Roman control of Gaul lasted for five centuries, until the last Roman rump state, the Domain of Soissons, fell to the Franks in AD 486. While the Celtic Gauls had lost their original identities and language during Late Antiquity, becoming amalgamated into a Gallo-Roman culture, Gallia remained the conventional name of the territory throughout the Early Middle Ages, until it acquired a new identity as the Capetian Kingdom of France in the high medieval period. Gallia remains a name of France in modern Greek (Γαλλία) and modern Latin (besides the alternatives Francia and Francogallia).

Name

Further information: Names of the Celts

The Greek and Latin names Galatia (first attested by Timaeus of Tauromenion in the 4th century BC), and Gallia are ultimately derived from a Celtic ethnic term or clan Gal(a)-to-.[2]'Galli of Gallia Celtica were reported to refer to themselves as Celtae by Caesar. Hellenistic folk etymology connected the name of the Galatians (Γαλάται, Galátai) to the supposedly "milk-white" skin (γάλα, gála "milk") of the Gauls.[3]

The English Gaul is from French Gaule and is unrelated to Latin Gallia, despite superficial similarity. As adjectives, English has the two variants Gaulish and Gallic. The two adjectives are used synonymously, as "pertaining to Gaul or the Gauls", although the Celtic language or languages spoken in Gaul is predominantly known as Gaulish.

The name Gaul is derived from the Old Frankish reflex of Proto-Germanic *walhaz, "foreigner, Romanized person", an exonym applied by Germanic speakers to Celts and Latin-speaking people indiscriminately, making it cognate with the names Wales and Wallachia.[4] The Germanic w- is regularly rendered as gu- / g- in French (cf. guerre = war, garder = ward), and the diphthong au is the regular outcome of al before a following consonant (cf. cheval ~ chevaux). Gaule or Gaulle cannot be derived from Latin Gallia, since g would become j before a (cf. gamba > jambe), and the diphthong au would be unexplained; the regular outcome of Latin Gallia is Jaille in French, which is found in several western placenames.[5][6]

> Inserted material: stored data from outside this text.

(* Let $a>b>0$ and $\lambda\ge 0$, and let $D_T$, $D_C$ be the subsets of the plane $\mathbb{R}^2(s,h)$ defined in the context. Put $$\Lambda(a,b)=\frac{a^6-33a^4b^2-33a^2b^4+b^6+(a^4+14a^2b^2+b^4)^{3/2}}{54a^2b^2}.$$ If $\lambda^4<\Lambda(a,b)$, then $D_T$ and $D_C$ have exactly two common points, and these are the points $(s,h)$ determined by $$(a^2-s^2)(s^2-b^2)-2\lambda^2s^3=0,\qquad s>0,\qquad h=\frac{2s^2-s\lambda^2+a^2+b^2}{2s}.$$ If $\lambda^4=\Lambda(a,b)$, these two points merge into a single point at which the curves $D_T$ and $D_C$ are tangent. If $\lambda^4>\Lambda(a,b)$, then $D_T$ and $D_C$ have no common points.
   Context: Parameters: $a>b>0$, $\lambda\ge 0$. Define $$F_C(s,h)=3s^4-2\Big(h-\frac{\lambda^2}{2}\Big)s^3+a^2b^2,\qquad F_T(s,h)=2s^2-2\Big(h+\frac{\lambda^2}{2}\Big)s+a^2+b^2.$$ Sets in the $(s,h)$-plane: $D_T=\{(s,h): F_T(s,h)=0,\ s>0,\ 2\lambda^2 s\le (a+b)^2\}$; $D_C=\{(s,h): F_C(s,h)=0,\ s\in\{-\sqrt{ab}\}\cup(0,s_*]\}$, where $s_*$ is the largest real root of the polynomial $$ \begin{aligned} \Phi_C(s)={}&[a^4b^4-6a^2b^2s^4+4(a^2+b^2)s^6-3s^8]^2\\ &+2[3a^6b^6+3a^4b^4s^4-20a^2b^2(a^2+b^2)s^6+57a^2b^2s^8-12(a^2+b^2)s^{10}+s^{12}]s^3\lambda^2\\ &+4[3a^4b^4+15a^2b^2s^4-(a^2+b^2)s^6]s^6\lambda^4+8a^2b^2s^9\lambda^6 \end{aligned} $$ (such a root exists and is positive). *)

theory Defs
  imports "HOL-Analysis.Analysis"
begin

definition F_C :: "real \<Rightarrow> real \<Rightarrow> real \<Rightarrow> real \<Rightarrow> real \<Rightarrow> real" where
  "F_C a b lam s h = 3 * s^4 - 2 * (h - lam^2 / 2) * s^3 + a^2 * b^2"

definition F_T :: "real \<Rightarrow> real \<Rightarrow> real \<Rightarrow> real \<Rightarrow> real \<Rightarrow> real" where
  "F_T a b lam s h = 2 * s^2 - 2 * (h + lam^2 / 2) * s + a^2 + b^2"

definition Phi_C :: "real \<Rightarrow> real \<Rightarrow> real \<Rightarrow> real \<Rightarrow> real" where
  "Phi_C a b lam s =
     (a^4* b^4 - 6* a^2* b^2* s^4 + 4* (a^2+b^2)* s^6 - 3* s^8)^2
   + 2* (3* a^6* b^6 + 3* a^4* b^4* s^4 - 20* a^2* b^2* (a^2+b^2)* s^6 + 57* a^2* b^2* s^8
        - 12* (a^2+b^2)* s^10 + s^12) * s^3 * lam^2
   + 4* (3* a^4* b^4 + 15* a^2* b^2* s^4 - (a^2+b^2)* s^6) * s^6 * lam^4
   + 8* a^2* b^2* s^9* lam^6"

text \<open>s_* : the largest real root of Phi_C (the context guarantees it exists and is positive).\<close>
definition s_star :: "real \<Rightarrow> real \<Rightarrow> real \<Rightarrow> real" where
  "s_star a b lam = Max {s. Phi_C a b lam s = 0}"

definition D_T :: "real \<Rightarrow> real \<Rightarrow> real \<Rightarrow> (real \<times> real) set" where
  "D_T a b lam = {(s, h). F_T a b lam s h = 0 \<and> s > 0 \<and> 2 * lam^2 * s \<le> (a + b)^2}"

definition D_C :: "real \<Rightarrow> real \<Rightarrow> real \<Rightarrow> (real \<times> real) set" where
  "D_C a b lam = {(s, h). F_C a b lam s h = 0 \<and>
      (s = - sqrt (a * b) \<or> (0 < s \<and> s \<le> s_star a b lam))}"

definition Lambda :: "real \<Rightarrow> real \<Rightarrow> real" where
  "Lambda a b = (a^6 - 33* a^4* b^2 - 33* a^2* b^4 + b^6 + (a^4 + 14* a^2* b^2 + b^4) powr (3/2))
                 / (54 * a^2 * b^2)"

definition CommonSys :: "real \<Rightarrow> real \<Rightarrow> real \<Rightarrow> (real \<times> real) set" where
  "CommonSys a b lam = {(s, h). (a^2 - s^2) * (s^2 - b^2) - 2 * lam^2 * s^3 = 0 \<and> s > 0 \<and>
      h = (2 * s^2 - s * lam^2 + a^2 + b^2) / (2 * s)}"

text \<open>For s > 0 the curves F_T = 0 and F_C = 0 are graphs h = hT(s), h = hC(s).\<close>
definition hT :: "real \<Rightarrow> real \<Rightarrow> real \<Rightarrow> real \<Rightarrow> real" where
  "hT a b lam s = (2 * s^2 + a^2 + b^2) / (2 * s) - lam^2 / 2"

definition hC :: "real \<Rightarrow> real \<Rightarrow> real \<Rightarrow> real \<Rightarrow> real" where
  "hC a b lam s = (3 * s^4 + a^2 * b^2) / (2 * s^3) + lam^2 / 2"

end

theory Submission
  imports Defs "HOL-Computational_Algebra.Polynomial" "HOL-Real_Asymp.Real_Asymp"
begin

text \<open>
  For \<open>s > 0\<close> the equation \<open>F_T = 0\<close> determines \<open>h\<close>, and substituting it into
  \<open>F_C = 0\<close> leaves \<open>(a\<^sup>2 - s\<^sup>2) (s\<^sup>2 - b\<^sup>2) = 2 \<lambda>\<^sup>2 s\<^sup>3\<close>, i.e. \<open>psi s = 2 \<lambda>\<^sup>2\<close>
  for \<open>psi s = (a\<^sup>2 - s\<^sup>2) (s\<^sup>2 - b\<^sup>2) / s\<^sup>3\<close>. This function vanishes at \<open>b\<close> and \<open>a\<close> and
  is strictly unimodal on \<open>(0, \<infinity>)\<close>; its maximum is attained at the point \<open>s_crit\<close>
  with \<open>s_crit\<^sup>4 + (a\<^sup>2 + b\<^sup>2) s_crit\<^sup>2 = 3 a\<^sup>2 b\<^sup>2\<close>, where the derivatives of \<open>hT\<close>
  and \<open>hC\<close> agree, and the maximal value satisfies \<open>psi(s_crit)\<^sup>2 / 4 = \<Lambda>(a, b)\<close>.
  Comparing \<open>2 \<lambda>\<^sup>2\<close> with \<open>psi(s_crit)\<close> therefore counts the common points, once we know
  that the side conditions of \<open>D_T\<close> and \<open>D_C\<close> hold automatically at them.
  Indeed \<open>2 \<lambda>\<^sup>2 s \<le> (a - b)\<^sup>2\<close>, and \<open>s \<le> a \<le> s_*\<close>: writing \<open>\<Phi>_C = Q\<^sup>2 + N R(N)\<close> with
  \<open>N = 2 \<lambda>\<^sup>2 s\<^sup>3\<close>, a rational parametrisation of the quartic \<open>Q = 0\<close> provides a point
  \<open>p \<ge> a\<close> with \<open>Q(p) = 0\<close>, where \<open>R(N) \<le> 0\<close> by an explicit polynomial certificate, so
  \<open>\<Phi>_C(p) \<le> 0\<close> and \<open>\<Phi>_C\<close> has a root beyond \<open>p\<close>.
\<close>

section \<open>Common points of the two curves\<close>

definition h_common :: "real \<Rightarrow> real \<Rightarrow> real \<Rightarrow> real \<Rightarrow> real" where
  "h_common a b lam s = (2 * s^2 - s * lam^2 + a^2 + b^2) / (2 * s)"

lemma F_T_eq_0_iff:
  assumes "s \<noteq> 0"
  shows "F_T a b lam s h = 0 \<longleftrightarrow> h = h_common a b lam s"
  using assms by (auto simp: F_T_def h_common_def field_simps)

lemma F_C_at_h_common:
  assumes "s \<noteq> 0"
  shows "F_C a b lam s (h_common a b lam s) = 2 * lam^2 * s^3 - (a^2 - s^2) * (s^2 - b^2)"
proof -
  have "2 * h_common a b lam s * s^3 = (2 * s^2 - s * lam^2 + a^2 + b^2) * s^2"
    using assms by (simp add: h_common_def field_simps power2_eq_square power3_eq_cube)
  then show ?thesis
    unfolding F_C_def by (simp add: algebra_simps) (simp add: power2_eq_square power3_eq_cube
        power4_eq_xxxx algebra_simps)
qed

definition psi :: "real \<Rightarrow> real \<Rightarrow> real \<Rightarrow> real" where
  "psi a b s = (a^2 - s^2) * (s^2 - b^2) / s^3"

lemma common_equation_iff_psi:
  assumes "0 < s"
  shows "(a^2 - s^2) * (s^2 - b^2) - 2 * lam^2 * s^3 = 0 \<longleftrightarrow> psi a b s = 2 * lam^2"
  using assms by (auto simp: psi_def field_simps)

lemma CommonSys_eq_image:
  "CommonSys a b lam = (\<lambda>s. (s, h_common a b lam s)) ` {s. 0 < s \<and> psi a b s = 2 * lam^2}"
  unfolding CommonSys_def h_common_def using common_equation_iff_psi by auto

lemma psi_eq_imp_bounds:
  assumes "0 < b" "b < a" "0 < s" "psi a b s = 2 * lam^2"
  shows "b \<le> s" "s \<le> a" "2 * lam^2 * s \<le> (a - b)^2"
proof -
  have prod: "(a^2 - s^2) * (s^2 - b^2) = 2 * lam^2 * s^3"
    using assms common_equation_iff_psi[of s a b lam] by simp
  then have "0 \<le> (a^2 - s^2) * (s^2 - b^2)"
    using assms by simp
  then show "b \<le> s" "s \<le> a"
    using assms by (smt (verit) mult_less_0_iff power_strict_mono zero_less_numeral)+
  have "(a - b)^2 * s^2 - 2 * lam^2 * s^3 = (s^2 - a * b)^2"
    using prod by algebra
  then have "2 * lam^2 * s^3 \<le> (a - b)^2 * s^2"
    by (smt (verit) zero_le_power2)
  then have "(2 * lam^2 * s) * s^2 \<le> (a - b)^2 * s^2"
    by (simp add: power2_eq_square power3_eq_cube mult_ac)
  then show "2 * lam^2 * s \<le> (a - b)^2"
    using assms by simp
qed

Also unrelated in spite of superficial similarity is the name Gael.[7] The Irish word gall did originally mean "a Gaul", i.e. an inhabitant of Gaul, but its meaning was later widened to "foreigner", to describe the Vikings, and later still the Normans.[8] The dichotomic words gael and gall are sometimes used together for contrast, for instance in the 12th-century book Cogad Gáedel re Gallaib.

History

Pre-Roman Gaul

Map of Roman Gaul (Droysens Allgemeiner historischer Handatlas, 1886)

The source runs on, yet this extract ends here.